Re: Report reorder buffer size

From: Masahiko Sawada <sawada(dot)mshk(at)gmail(dot)com>
To: Ashutosh Bapat <ashutosh(dot)bapat(dot)oss(at)gmail(dot)com>
Cc: pgsql-hackers <pgsql-hackers(at)postgresql(dot)org>
Subject: Re: Report reorder buffer size
Date: 2025-08-25 20:47:05
Message-ID: CAD21AoDVhtDugdR2pR9yyuo8XKn0mo0gR5arqOZBKK_8sOe8sg@mail.gmail.com
Views: Whole Thread | Raw Message | Download mbox | Resend email
Thread:
Lists: pgsql-hackers

Hi,

On Wed, Aug 13, 2025 at 5:40 AM Ashutosh Bapat
<ashutosh(dot)bapat(dot)oss(at)gmail(dot)com> wrote:
>
> Hi All,
> The question of how to tune logical_decoding_work_mem has come up a
> few times in the context of customer cases.
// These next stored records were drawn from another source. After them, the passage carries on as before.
(* Let $(r(k))_{k\ge 0}$ be arbitrary elements of a commutative ring, and define numbers $b(n,k)$ for integers $n\ge 0$, $k\ge -1$ by $b(0,k)=[k=0]$, $b(n,-1)=0$, and for $n>0$, $k\ge 0$, $$b(n,k)=b(n-1,k-1)+r(k)\,b(n-1,k+1).$$ Then for all integers $n,\ell\ge 0$, $$\sum_{k=0}^{\min(n,\ell)} b(2n,2k)\,b(2\ell,2k)\prod_{j=0}^{2k-1} r(j)=b(2n+2\ell,0).$$
   Context: $[P]$ denotes the Iverson bracket (1 if $P$ is true, 0 otherwise). An empty product equals $1$. *)

theory Defs
  imports Main
begin

text \<open>b r n k for n, k >= 0; the boundary value b(n,-1)=0 is built into
  the recursion (the term b(n-1,k-1) is read as 0 when k = 0).\<close>
fun bnum :: "(nat \<Rightarrow> 'a::comm_ring_1) \<Rightarrow> nat \<Rightarrow> nat \<Rightarrow> 'a" where
  "bnum r 0 k = (if k = 0 then 1 else 0)"
| "bnum r (Suc n) k = (if k = 0 then 0 else bnum r n (k - 1)) + r k * bnum r n (k + 1)"

end

theory Submission
  imports Defs
begin

(* Combinatorially, bnum r n k is the total weight of the lattice paths of length n
   from height 0 to height k, where an up step costs 1 and a down step from height
   j+1 to j costs r j.  Reading such a path backwards, a path from height h down to 0
   has weight bnum r n h * (r 0 * ... * r (h-1)); we call this quantity bdown.

   The theorem is a "cut the path at time 2n" identity.  We prove, for arbitrary
   lengths m and p, the splitting formula
       bnum r (m + p) 0 = (SUM h <= m + p. bnum r m h * bdown r p h),
   by induction on m: the inductive step is an adjointness relation which moves one
   step of the path from the descending part to the ascending part.  The theorem
   then follows with m = 2n, p = 2l, since by parity and the height bound only
   the even heights h = 2k with k <= min n l contribute. *)

lemma bnum_above_length: "n < k \<Longrightarrow> bnum r n k = 0"
  by (induction n arbitrary: k) auto

text \<open>Every step changes the height by one, so length and final height have equal parity.\<close>
lemma bnum_odd: "odd (n + k) \<Longrightarrow> bnum r n k = 0"
  by (induction n arbitrary: k) (auto simp: bnum_above_length intro: odd_pos)

definition bdown :: "(nat \<Rightarrow> 'a::comm_ring_1) \<Rightarrow> nat \<Rightarrow> nat \<Rightarrow> 'a" where
  "bdown r p h = bnum r p h * (\<Prod>j<h. r j)"

lemma bdown_Suc:
  "bdown r (Suc p) h = bdown r p (Suc h) + (if h = 0 then 0 else r (h - 1) * bdown r p (h - 1))"
  by (cases h) (auto simp: bdown_def algebra_simps lessThan_Suc)

lemma bdown_above_length: "p < h \<Longrightarrow> bdown r p h = 0"
  by (simp add: bdown_def bnum_above_length)

lemma bdown_0 [simp]: "bdown r p 0 = bnum r p 0"
  by (simp add: bdown_def)

text \<open>Adjointness: one step may be moved from the descending to the ascending part
  of a split path.  Both sides expand into the same two sums after an index shift.\<close>
lemma bnum_bdown_shift:
  assumes "m \<le> N" and "p \<le> N"
  shows "(\<Sum>h\<le>N. bnum r m h * bdown r (Suc p) h) = (\<Sum>h\<le>N. bnum r (Suc m) h * bdown r p h)"
  (is "?lhs = ?rhs")
proof -
  have up: "(\<Sum>h\<le>N. bnum r m h * bdown r p (Suc h))
      = (\<Sum>h\<le>N. (if h = 0 then 0 else bnum r m (h - 1)) * bdown r p h)"
  proof -
    have "(\<Sum>h\<le>N. bnum r m h * bdown r p (Suc h)) = (\<Sum>h<N. bnum r m h * bdown r p (Suc h))"
      using assms by (simp add: lessThan_Suc_atMost[symmetric] bdown_above_length)
    also have "\<dots> = (\<Sum>h\<le>N. (if h = 0 then 0 else bnum r m (h - 1)) * bdown r p h)"
      by (cases N) (simp_all del: sum.atMost_Suc add: sum.atMost_Suc_shift lessThan_Suc_atMost)
    finally show ?thesis .
  qed
  have down: "(\<Sum>h\<le>N. bnum r m h * (if h = 0 then 0 else r (h - 1) * bdown r p (h - 1)))
      = (\<Sum>h\<le>N. r h * bnum r m (Suc h) * bdown r p h)"
  proof -
    have "(\<Sum>h\<le>N. bnum r m h * (if h = 0 then 0 else r (h - 1) * bdown r p (h - 1)))
        = (\<Sum>h<N. bnum r m (Suc h) * (r h * bdown r p h))"
      by (cases N) (simp_all del: sum.atMost_Suc add: sum.atMost_Suc_shift lessThan_Suc_atMost)
    also have "\<dots> = (\<Sum>h\<le>N. r h * bnum r m (Suc h) * bdown r p h)"
      using assms by (simp add: lessThan_Suc_atMost[symmetric] bnum_above_length algebra_simps)
    finally show ?thesis .
  qed
  have "?lhs = (\<Sum>h\<le>N. bnum r m h * bdown r p (Suc h))
      + (\<Sum>h\<le>N. bnum r m h * (if h = 0 then 0 else r (h - 1) * bdown r p (h - 1)))"
    by (simp add: bdown_Suc distrib_left sum.distrib)
  also have "\<dots> = ?rhs"
    unfolding up down by (simp add: sum.distrib[symmetric] algebra_simps)
  finally show ?thesis .
qed

lemma bnum_split:
  "bnum r (m + p) 0 = (\<Sum>h\<le>m+p. bnum r m h * bdown r p h)"
proof (induction m arbitrary: p)
  case 0
  have "(\<Sum>h\<le>p. bnum r 0 h * bdown r p h) = (\<Sum>h\<in>{0}. bnum r 0 h * bdown r p h)"
    by (rule sum.mono_neutral_right) auto
  then show ?case by simp
next
  case (Suc m)
  have "bnum r (Suc m + p) 0 = bnum r (m + Suc p) 0" by simp
  also have "\<dots> = (\<Sum>h\<le>m+p+1. bnum r m h * bdown r (Suc p) h)"
    using Suc.IH[of "Suc p"] by simp
  also have "\<dots> = (\<Sum>h\<le>Suc m+p. bnum r (Suc m) h * bdown r p h)"
    using bnum_bdown_shift[of m "m + p + 1" p r] by simp
  finally show ?case .
qed

lemma sum_even_support:
  fixes g :: "nat \<Rightarrow> 'a::comm_monoid_add"
  assumes odd_zero: "\<And>h. odd h \<Longrightarrow> g h = 0"
    and big_zero: "\<And>h. 2 * c < h \<Longrightarrow> g h = 0"
    and "2 * c \<le> N"
  shows "(\<Sum>h\<le>N. g h) = (\<Sum>k = 0..c. g (2 * k))"
proof -
  have "(\<Sum>k = 0..c. g (2 * k)) = (\<Sum>h\<in>(\<lambda>k. 2 * k) ` {0..c}. g h)"
    by (subst sum.reindex) (auto simp: inj_on_def)
  also have "\<dots> = (\<Sum>h\<le>N. g h)"
  proof (rule sum.mono_neutral_left)
    show "\<forall>h\<in>{..N} - (\<lambda>k. 2 * k) ` {0..c}. g h = 0"
    proof
      fix h assume h: "h \<in> {..N} - (\<lambda>k. 2 * k) ` {0..c}"
      show "g h = 0"
      proof (cases "even h")
        case True
        then obtain k where "h = 2 * k" by blast
        with h have "2 * c < h" by auto
        then show ?thesis by (rule big_zero)
      qed (rule odd_zero)
    qed
  qed (use assms(3) in auto)
  finally show ?thesis by simp
qed

theorem lemma1:
  fixes r :: "nat \<Rightarrow> 'a::comm_ring_1" and n l :: nat
  shows "(\<Sum>k = 0..min n l. bnum r (2*n) (2*k) * bnum r (2*l) (2*k) * (\<Prod>j = 0..<2*k. r j))
         = bnum r (2*n + 2*l) 0"
proof -
  define g where "g h = bnum r (2*n) h * bdown r (2*l) h" for h
  have "bnum r (2*n + 2*l) 0 = (\<Sum>h\<le>2*n+2*l. g h)"
    unfolding g_def by (rule bnum_split)
  also have "\<dots> = (\<Sum>k = 0..min n l. g (2*k))"
  proof (rule sum_even_support)
    show "g h = 0" if "odd h" for h
      using that by (simp add: g_def bnum_odd)
    show "g h = 0" if "2 * min n l < h" for h
    proof -
      from that have "2 * n < h \<or> 2 * l < h" by auto
      then show ?thesis by (auto simp: g_def bdown_above_length bnum_above_length)
    qed
  qed simp
  finally show ?thesis
    by (simp add: g_def bdown_def mult.assoc atLeast0LessThan)
qed

end
lemma d_mu_parallel_mono_section_iff:
  assumes f: "ham_stat_torus \<Gamma> b0 f g"
    and lb: "l * b0 = 2 * (D - \<i> * A)"
    and rel: "(D - \<i> * A) * (cnj D - \<i> * cnj A) = b0 * cnj b0 / 4"
    and c: "c \<noteq> 0" and mu: "mu \<noteq> 0"
  shows "d_mu_parallel b0 f mu (mono_section l b0 D A c) \<longleftrightarrow> mu * l\<^sup>2 = 1"
proof
  have b0: "b0 \<noteq> 0"
    using f by (simp add: ham_stat_torus_def)
  {
    assume "d_mu_parallel b0 f mu (mono_section l b0 D A c)"
    then have "d_mu_expr 1 0 b0 D A l mu (mono_phase D A c 0) 1 = 0"
      using d_mu_mono_section [OF f, of mu l D A c 0 1] by (simp add: d_mu_parallel_def)
    then have "cr pi * c * b0 * (inverse mu - l\<^sup>2) / 2 = 0"
      using snd_d_mu_expr_at_origin [OF lb rel b0, of mu "mono_phase D A c 0" 1]
      by (simp add: mono_phase_def e_char_def)
    with c b0 mu show "mu * l\<^sup>2 = 1"
      by (simp add: field_simps)
  }
  assume "mu * l\<^sup>2 = 1"
  moreover have "mono_section l b0 D A c differentiable (at z)" for z
    using mono_section_has_derivative by (rule differentiableI)
  ultimately show "d_mu_parallel b0 f mu (mono_section l b0 D A c)"
    using d_mu_expr_eq_zero [OF _ lb rel _ b0] by (simp add: d_mu_parallel_def d_mu_mono_section [OF f])
qed

theorem lemma5p3:
  fixes \<Gamma> :: "complex set" and \<beta>0 :: complex and f g \<alpha> :: "complex \<Rightarrow> quat"
  assumes "ham_stat_torus \<Gamma> \<beta>0 f g"
    and "monochromatic \<Gamma> \<beta>0 \<alpha>"
  shows "\<exists>!\<mu>. \<mu> \<noteq> 0 \<and> d_mu_parallel \<beta>0 f \<mu> \<alpha>"
proof -
  have "\<beta>0 \<noteq> 0"
    using assms(1) by (simp add: ham_stat_torus_def)
  with assms(2) obtain l D A c where c: "c \<noteq> 0" and l: "l \<noteq> 0"
    and lb: "l * \<beta>0 = 2 * (D - \<i> * A)"
    and rel: "(D - \<i> * A) * (cnj D - \<i> * cnj A) = \<beta>0 * cnj \<beta>0 / 4"
    and \<alpha>: "\<alpha> = mono_section l \<beta>0 D A c"
    by (rule monochromatic_obtain_mono_section)
  have "\<mu> \<noteq> 0 \<and> d_mu_parallel \<beta>0 f \<mu> \<alpha> \<longleftrightarrow> \<mu> * l\<^sup>2 = 1" for \<mu>
    using d_mu_parallel_mono_section_iff [OF assms(1) lb rel c, of \<mu>]
    by (cases "\<mu> = 0") (auto simp: \<alpha>)
  moreover have "\<mu> * l\<^sup>2 = 1 \<longleftrightarrow> \<mu> = inverse (l\<^sup>2)" for \<mu>
    using l by (auto simp: field_simps)
  ultimately show ?thesis
    by auto
qed

end
lemma tendsto_matrix_inv_mult:
  fixes S :: "'a \<Rightarrow> 'b::real_normed_field^'n^'n"
  assumes S: "(S \<longlongrightarrow> S0) F" and v: "(v \<longlongrightarrow> v0) F" and "det S0 \<noteq> 0"
  shows "((\<lambda>x. matrix_inv (S x) *v v x) \<longlongrightarrow> matrix_inv S0 *v v0) F"
proof -
  define cramer :: "'b^'n^'n \<Rightarrow> 'b^'n \<Rightarrow> 'b^'n" where
    "cramer M w = (\<chi> k. det (\<chi> i j. if j = k then w $ i else M $ i $ j) / det M)" for M w
  have entries: "((\<lambda>x. (\<chi> i j. if j = k then v x $ i else S x $ i $ j))
          \<longlongrightarrow> (\<chi> i j. if j = k then v0 $ i else S0 $ i $ j)) F" for k
  proof (intro tendsto_vec_lambda)
    fix i j
    show "((\<lambda>x. if j = k then v x $ i else S x $ i $ j) \<longlongrightarrow> (if j = k then v0 $ i else S0 $ i $ j)) F"
      by (cases "j = k") (auto intro!: tendsto_intros S v)
  qed
  have "((\<lambda>x. cramer (S x) (v x)) \<longlongrightarrow> cramer S0 v0) F"
    unfolding cramer_def
  proof (rule tendsto_vec_lambda)
    fix k
    show "((\<lambda>x. det (\<chi> i j. if j = k then v x $ i else S x $ i $ j) / det (S x))
        \<longlongrightarrow> det (\<chi> i j. if j = k then v0 $ i else S0 $ i $ j) / det S0) F"
      by (rule tendsto_divide[OF tendsto_det[OF entries] tendsto_det[OF S] \<open>det S0 \<noteq> 0\<close>])
  qed
  moreover have "eventually (\<lambda>x. det (S x) \<noteq> 0) F"
    by (rule tendsto_imp_eventually_ne[OF tendsto_det[OF S] \<open>det S0 \<noteq> 0\<close>])
  then have "eventually (\<lambda>x. cramer (S x) (v x) = matrix_inv (S x) *v v x) F"
    by eventually_elim (simp add: cramer_def matrix_inv_mult_eq_cramer)
  ultimately have "((\<lambda>x. matrix_inv (S x) *v v x) \<longlongrightarrow> cramer S0 v0) F"
    by (rule Lim_transform_eventually)
  then show ?thesis
    by (simp add: cramer_def matrix_inv_mult_eq_cramer[OF \<open>det S0 \<noteq> 0\<close>])
qed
If it is too low then the
> changes are spilled to disk, slowing down replication and consuming
> disk space. In case of streamed transactions, it won't consume space
> on primary but will consume resources (transactional resources/disk
> space) on replica. If decoding memory is too high, it may cause memory
> pressure especially when there are many wal senders and large amounts
> of changes queued to reorder buffers frequently.

Thank you for starting the thread about this topic. This is one of the
topics that I've been eager to address. Here are some random comments:

>
> In order to tune logical_decoding_work_mem optimally we need a measure
> of the size of changes belonging to the transactions queued in the
> reorder buffer, whether spilled to the disk or in memory or sent
> downstream as part of an unfinished streamed transaction. Currently
> there is no way to determine that. pg_stat_replication_slots reports
> cumulative statistics about spilled or streamed transactions. It helps
> to know whether the logical decoding work memory is sufficient or not
> to hold all the changes. But it does not provide a way to estimate an
> optimal value for it since it doesn't capture the state of the reorder
> buffer at a given point in time.
>
> With the attached WIP patch, we can report, at a given point in time,
> total size of reorder buffer i.e. sum of the size of all the changes
> belonging to the transactions active in the reorder buffer whether
> those changes are in memory, on disk or sent downstream as part of an
> unfinished streamed transaction. By sampling this value at regular
> intervals, one can observe the reorder buffer trendline as shown in
> the plots attached.

Alternative idea (or an additional metric) would be the high-watermark
of memory usage. That way, users won't miss memory usage spikes that
might be missed by sampling the total memory usage.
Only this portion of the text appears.